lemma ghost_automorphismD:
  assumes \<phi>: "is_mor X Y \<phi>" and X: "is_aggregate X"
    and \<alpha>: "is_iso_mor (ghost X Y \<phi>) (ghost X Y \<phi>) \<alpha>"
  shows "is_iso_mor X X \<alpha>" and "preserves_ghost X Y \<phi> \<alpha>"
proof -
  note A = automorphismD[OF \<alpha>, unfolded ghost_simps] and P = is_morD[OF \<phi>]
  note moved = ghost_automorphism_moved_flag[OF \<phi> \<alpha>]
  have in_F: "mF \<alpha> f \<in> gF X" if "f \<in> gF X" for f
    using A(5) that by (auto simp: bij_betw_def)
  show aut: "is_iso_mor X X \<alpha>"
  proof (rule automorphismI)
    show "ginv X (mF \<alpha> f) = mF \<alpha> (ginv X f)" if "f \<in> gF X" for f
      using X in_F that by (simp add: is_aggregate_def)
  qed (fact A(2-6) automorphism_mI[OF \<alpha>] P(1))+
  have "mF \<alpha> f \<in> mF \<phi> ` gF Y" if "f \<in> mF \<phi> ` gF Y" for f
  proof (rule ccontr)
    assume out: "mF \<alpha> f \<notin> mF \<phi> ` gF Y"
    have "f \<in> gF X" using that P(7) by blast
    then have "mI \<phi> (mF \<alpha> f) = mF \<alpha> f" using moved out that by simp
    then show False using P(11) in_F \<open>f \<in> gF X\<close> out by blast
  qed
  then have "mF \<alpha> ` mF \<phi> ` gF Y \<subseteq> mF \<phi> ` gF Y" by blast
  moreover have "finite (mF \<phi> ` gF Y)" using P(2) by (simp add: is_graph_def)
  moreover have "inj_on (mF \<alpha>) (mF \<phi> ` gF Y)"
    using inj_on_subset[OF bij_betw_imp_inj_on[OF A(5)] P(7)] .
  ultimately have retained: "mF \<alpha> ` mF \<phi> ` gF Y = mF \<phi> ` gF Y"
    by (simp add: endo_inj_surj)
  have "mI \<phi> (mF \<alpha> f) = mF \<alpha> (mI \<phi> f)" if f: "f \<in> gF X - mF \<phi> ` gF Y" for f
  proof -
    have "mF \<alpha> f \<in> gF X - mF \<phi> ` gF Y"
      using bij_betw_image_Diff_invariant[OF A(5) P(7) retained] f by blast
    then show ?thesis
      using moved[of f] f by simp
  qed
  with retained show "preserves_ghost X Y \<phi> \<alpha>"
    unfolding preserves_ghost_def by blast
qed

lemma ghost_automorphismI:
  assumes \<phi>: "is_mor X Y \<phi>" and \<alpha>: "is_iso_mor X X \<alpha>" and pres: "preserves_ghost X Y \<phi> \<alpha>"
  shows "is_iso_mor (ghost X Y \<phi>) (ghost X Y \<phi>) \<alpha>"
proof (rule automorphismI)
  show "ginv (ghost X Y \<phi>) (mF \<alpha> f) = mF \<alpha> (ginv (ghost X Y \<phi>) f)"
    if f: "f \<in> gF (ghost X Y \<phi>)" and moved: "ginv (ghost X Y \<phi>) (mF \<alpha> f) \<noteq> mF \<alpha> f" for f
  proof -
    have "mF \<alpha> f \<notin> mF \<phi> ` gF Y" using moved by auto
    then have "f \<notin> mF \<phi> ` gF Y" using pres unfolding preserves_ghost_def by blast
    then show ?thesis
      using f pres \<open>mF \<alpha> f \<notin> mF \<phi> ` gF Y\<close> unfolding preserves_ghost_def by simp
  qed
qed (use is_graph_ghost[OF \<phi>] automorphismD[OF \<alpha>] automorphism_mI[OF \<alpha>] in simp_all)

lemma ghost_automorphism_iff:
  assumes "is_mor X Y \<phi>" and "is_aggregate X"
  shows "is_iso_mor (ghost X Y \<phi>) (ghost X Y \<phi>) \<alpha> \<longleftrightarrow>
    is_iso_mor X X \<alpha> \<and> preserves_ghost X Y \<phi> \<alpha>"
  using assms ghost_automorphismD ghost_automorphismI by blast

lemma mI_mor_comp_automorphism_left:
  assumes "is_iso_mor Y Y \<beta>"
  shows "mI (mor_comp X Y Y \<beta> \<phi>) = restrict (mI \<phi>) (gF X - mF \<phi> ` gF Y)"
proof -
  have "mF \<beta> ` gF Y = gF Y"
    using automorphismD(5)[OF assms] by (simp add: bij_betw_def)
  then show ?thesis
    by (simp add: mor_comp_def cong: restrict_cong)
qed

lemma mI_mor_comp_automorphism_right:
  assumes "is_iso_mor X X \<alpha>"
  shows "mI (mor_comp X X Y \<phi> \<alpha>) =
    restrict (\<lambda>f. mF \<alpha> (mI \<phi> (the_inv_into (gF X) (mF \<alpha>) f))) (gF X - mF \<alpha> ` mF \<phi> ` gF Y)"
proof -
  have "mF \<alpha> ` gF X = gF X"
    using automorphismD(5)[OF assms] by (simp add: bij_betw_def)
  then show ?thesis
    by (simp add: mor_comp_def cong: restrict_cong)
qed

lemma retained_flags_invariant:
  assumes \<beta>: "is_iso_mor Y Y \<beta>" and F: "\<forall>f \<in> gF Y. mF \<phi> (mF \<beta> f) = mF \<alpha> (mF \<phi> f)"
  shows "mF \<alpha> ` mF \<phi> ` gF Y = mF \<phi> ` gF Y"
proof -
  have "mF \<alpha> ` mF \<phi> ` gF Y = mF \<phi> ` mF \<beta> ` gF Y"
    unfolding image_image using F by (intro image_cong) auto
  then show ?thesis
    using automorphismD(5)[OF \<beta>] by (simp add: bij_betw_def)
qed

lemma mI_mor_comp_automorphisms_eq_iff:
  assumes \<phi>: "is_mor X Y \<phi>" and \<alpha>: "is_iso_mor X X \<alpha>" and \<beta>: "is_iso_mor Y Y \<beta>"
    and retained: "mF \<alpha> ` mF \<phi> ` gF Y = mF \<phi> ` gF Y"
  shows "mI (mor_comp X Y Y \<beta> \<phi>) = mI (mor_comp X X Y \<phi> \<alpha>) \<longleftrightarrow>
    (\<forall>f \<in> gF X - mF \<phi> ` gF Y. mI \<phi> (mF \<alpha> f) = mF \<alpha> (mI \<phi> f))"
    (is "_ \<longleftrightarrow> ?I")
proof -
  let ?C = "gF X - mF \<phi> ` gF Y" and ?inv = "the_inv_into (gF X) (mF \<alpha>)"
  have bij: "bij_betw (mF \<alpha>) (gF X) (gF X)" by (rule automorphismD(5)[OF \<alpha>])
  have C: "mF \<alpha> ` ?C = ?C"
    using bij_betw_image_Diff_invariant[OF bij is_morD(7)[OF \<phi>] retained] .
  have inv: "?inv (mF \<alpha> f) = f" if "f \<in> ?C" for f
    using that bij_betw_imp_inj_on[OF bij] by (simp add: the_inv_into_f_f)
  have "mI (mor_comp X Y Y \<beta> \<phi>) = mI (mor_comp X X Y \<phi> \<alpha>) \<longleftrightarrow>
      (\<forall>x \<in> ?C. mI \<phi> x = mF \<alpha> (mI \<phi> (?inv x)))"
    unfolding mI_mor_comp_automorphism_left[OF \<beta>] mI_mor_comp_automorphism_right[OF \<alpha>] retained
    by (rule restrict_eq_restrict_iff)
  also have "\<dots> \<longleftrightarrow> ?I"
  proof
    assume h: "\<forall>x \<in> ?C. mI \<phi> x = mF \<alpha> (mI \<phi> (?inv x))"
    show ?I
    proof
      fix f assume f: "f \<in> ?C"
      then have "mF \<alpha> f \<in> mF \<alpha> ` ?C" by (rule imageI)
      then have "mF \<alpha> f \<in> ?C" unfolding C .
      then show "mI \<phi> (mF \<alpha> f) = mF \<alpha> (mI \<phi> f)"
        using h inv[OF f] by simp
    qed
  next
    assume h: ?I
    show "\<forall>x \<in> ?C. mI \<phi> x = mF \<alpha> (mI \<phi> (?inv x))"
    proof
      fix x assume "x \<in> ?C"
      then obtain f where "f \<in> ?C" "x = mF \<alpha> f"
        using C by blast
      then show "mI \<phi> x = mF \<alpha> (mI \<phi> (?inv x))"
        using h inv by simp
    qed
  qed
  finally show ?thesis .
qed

...

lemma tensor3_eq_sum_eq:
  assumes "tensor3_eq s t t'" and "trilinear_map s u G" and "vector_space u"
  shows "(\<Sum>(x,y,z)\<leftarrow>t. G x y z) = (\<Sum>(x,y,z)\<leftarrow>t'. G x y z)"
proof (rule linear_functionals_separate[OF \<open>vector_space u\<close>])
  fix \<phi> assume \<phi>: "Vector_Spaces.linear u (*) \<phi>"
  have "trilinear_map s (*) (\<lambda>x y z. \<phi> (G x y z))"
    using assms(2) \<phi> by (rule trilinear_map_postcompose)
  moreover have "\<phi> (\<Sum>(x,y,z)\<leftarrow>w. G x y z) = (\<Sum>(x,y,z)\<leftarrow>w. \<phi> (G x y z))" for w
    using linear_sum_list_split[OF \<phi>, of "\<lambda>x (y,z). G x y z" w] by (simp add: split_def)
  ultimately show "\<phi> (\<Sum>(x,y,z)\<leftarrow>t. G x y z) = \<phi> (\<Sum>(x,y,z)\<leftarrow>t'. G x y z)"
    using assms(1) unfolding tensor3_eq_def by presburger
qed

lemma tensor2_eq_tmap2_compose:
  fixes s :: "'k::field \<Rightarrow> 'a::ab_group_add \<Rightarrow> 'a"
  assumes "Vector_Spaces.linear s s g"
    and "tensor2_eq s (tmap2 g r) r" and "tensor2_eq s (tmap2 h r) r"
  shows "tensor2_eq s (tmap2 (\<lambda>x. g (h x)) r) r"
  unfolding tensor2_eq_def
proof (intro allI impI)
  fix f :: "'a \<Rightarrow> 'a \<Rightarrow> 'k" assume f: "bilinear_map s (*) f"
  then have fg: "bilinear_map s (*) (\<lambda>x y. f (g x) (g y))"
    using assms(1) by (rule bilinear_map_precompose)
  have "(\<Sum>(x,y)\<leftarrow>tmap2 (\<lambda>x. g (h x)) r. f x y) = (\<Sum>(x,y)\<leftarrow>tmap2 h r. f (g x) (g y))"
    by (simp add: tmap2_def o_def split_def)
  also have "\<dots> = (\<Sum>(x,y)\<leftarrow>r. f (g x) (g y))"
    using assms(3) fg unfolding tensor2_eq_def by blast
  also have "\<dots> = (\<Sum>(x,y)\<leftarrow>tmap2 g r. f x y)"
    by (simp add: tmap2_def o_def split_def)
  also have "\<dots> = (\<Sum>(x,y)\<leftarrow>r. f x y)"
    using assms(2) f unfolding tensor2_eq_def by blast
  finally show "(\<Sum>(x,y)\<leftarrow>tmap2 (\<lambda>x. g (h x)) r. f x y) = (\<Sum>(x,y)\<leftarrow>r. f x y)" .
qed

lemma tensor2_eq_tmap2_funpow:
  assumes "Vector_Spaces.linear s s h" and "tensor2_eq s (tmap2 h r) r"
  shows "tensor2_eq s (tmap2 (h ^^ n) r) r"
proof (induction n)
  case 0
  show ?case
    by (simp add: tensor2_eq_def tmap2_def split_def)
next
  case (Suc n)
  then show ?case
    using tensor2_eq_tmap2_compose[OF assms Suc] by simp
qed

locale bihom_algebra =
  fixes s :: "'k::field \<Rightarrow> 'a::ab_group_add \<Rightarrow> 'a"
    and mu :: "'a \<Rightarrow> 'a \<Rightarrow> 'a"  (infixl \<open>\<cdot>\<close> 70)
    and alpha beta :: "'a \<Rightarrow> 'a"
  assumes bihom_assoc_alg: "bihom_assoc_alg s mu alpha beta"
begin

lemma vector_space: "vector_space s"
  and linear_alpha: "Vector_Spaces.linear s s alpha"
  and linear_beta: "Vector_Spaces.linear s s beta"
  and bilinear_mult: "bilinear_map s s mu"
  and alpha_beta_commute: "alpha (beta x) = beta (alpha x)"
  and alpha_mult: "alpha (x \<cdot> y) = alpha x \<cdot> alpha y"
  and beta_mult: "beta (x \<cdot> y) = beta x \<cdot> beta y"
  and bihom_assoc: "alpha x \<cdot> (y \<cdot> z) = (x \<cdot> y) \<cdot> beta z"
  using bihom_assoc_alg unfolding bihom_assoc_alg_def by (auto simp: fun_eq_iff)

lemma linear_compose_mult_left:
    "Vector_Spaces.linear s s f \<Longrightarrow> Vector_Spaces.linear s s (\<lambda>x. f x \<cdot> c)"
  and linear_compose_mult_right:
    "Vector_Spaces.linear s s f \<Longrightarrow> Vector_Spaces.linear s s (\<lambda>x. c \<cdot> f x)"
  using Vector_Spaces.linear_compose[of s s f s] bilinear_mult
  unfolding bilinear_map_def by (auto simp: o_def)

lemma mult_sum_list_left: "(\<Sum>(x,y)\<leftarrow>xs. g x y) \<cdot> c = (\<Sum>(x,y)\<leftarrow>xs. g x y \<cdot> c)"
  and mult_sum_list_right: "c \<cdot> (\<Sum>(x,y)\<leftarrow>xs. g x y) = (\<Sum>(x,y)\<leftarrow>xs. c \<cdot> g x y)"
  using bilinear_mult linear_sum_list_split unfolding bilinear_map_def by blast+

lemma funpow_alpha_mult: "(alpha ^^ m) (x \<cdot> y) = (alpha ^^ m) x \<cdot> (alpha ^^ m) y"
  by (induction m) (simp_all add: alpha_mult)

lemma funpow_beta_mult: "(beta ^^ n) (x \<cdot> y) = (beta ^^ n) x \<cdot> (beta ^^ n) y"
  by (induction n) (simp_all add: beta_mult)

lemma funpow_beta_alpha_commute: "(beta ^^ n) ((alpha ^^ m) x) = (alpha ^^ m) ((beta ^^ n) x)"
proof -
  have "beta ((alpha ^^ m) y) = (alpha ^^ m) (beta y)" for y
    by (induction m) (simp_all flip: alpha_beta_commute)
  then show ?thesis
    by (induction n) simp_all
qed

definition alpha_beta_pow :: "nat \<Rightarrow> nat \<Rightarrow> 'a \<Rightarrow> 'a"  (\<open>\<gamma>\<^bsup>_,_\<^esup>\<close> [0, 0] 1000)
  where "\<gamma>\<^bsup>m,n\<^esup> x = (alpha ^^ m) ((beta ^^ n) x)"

...

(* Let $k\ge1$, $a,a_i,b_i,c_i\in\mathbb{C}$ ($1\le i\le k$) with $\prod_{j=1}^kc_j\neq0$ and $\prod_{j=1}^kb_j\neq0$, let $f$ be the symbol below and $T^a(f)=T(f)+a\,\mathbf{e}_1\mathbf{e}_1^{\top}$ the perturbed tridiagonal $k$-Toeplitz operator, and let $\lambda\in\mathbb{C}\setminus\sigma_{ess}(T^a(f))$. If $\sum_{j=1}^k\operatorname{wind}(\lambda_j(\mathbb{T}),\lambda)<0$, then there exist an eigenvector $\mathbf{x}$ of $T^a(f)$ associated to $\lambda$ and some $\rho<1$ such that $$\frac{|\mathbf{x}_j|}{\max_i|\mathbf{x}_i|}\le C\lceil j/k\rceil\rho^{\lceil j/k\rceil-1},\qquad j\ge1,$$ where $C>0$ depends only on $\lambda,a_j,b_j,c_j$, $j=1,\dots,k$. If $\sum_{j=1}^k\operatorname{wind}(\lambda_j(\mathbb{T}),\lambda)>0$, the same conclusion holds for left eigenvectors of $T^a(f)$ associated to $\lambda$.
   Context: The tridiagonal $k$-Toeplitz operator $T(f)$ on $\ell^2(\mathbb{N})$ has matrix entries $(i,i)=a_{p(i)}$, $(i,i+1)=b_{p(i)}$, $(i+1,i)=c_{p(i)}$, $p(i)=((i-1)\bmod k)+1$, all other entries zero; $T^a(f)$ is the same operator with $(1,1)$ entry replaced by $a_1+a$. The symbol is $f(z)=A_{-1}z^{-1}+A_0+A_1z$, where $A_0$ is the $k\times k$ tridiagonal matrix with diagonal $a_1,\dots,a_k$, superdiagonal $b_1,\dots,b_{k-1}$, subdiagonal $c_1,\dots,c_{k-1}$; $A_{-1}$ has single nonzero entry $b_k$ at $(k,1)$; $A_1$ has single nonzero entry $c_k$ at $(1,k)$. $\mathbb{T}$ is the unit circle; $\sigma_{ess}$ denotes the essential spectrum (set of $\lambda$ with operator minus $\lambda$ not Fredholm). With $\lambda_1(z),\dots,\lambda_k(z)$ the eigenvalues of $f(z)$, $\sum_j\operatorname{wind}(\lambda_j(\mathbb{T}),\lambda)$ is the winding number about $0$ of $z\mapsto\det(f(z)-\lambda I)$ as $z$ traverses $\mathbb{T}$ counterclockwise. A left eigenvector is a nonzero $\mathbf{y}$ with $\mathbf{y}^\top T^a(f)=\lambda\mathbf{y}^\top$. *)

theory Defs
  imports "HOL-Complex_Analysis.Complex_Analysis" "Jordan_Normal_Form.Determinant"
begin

## DIRECTIONS FOR THIS TASK
Reproduce verbatim only the segment of the listing bounded by the line containing "using Vector_Spaces.linear_compose[of s" and the line containing "x y) \<cdot>", with both boundary lines included.

## SOLUTION BELOW
  using Vector_Spaces.linear_compose[of s s f s] bilinear_mult
  unfolding bilinear_map_def by (auto simp: o_def)

lemma mult_sum_list_left: "(\<Sum>(x,y)\<leftarrow>xs. g x y) \<cdot> c = (\<Sum>(x,y)\<leftarrow>xs. g x y \<cdot> c)"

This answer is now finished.